### DATA SUPPLIED

--- START ---

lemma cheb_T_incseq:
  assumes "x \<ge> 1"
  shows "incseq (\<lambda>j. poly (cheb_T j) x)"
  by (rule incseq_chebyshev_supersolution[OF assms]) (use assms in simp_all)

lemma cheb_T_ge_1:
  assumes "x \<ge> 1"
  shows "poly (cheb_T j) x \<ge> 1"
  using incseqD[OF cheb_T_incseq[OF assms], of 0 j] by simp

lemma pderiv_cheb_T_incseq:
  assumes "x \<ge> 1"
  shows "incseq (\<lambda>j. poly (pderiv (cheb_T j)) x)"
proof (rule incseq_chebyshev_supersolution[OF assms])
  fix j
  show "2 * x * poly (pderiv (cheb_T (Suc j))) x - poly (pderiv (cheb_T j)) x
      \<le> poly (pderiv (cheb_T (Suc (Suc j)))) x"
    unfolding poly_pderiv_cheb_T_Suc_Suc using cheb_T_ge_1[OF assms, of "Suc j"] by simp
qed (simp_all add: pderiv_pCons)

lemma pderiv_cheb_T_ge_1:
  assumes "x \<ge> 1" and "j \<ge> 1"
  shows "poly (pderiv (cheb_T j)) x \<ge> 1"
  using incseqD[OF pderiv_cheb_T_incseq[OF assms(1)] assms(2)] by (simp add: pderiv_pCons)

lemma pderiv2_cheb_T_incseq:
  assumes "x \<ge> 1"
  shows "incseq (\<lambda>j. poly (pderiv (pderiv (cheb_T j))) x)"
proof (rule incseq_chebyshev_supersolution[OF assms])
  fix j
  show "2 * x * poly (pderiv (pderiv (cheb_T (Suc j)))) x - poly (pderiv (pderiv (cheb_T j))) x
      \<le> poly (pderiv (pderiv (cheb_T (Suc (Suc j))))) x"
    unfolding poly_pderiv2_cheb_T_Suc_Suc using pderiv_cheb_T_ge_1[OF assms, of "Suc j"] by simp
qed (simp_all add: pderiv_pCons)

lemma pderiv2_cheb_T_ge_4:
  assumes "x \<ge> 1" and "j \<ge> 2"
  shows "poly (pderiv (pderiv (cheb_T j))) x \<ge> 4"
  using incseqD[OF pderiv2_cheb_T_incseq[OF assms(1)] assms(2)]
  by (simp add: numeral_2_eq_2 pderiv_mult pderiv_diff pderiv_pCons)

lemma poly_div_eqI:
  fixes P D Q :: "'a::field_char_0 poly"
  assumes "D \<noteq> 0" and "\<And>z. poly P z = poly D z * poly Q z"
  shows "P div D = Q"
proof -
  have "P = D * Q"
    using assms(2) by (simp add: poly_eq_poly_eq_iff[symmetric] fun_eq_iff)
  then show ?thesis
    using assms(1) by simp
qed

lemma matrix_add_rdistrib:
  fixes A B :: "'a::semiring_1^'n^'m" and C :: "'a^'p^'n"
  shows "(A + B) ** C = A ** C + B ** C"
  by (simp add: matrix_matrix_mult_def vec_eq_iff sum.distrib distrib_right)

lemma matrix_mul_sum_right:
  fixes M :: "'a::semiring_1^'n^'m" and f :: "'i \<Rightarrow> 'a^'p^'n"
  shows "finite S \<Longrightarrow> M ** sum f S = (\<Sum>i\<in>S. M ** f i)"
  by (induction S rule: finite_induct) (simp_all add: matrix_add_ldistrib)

--- END ---

Figure out how many lines of the material include "lambda", then reply with the count alone.

3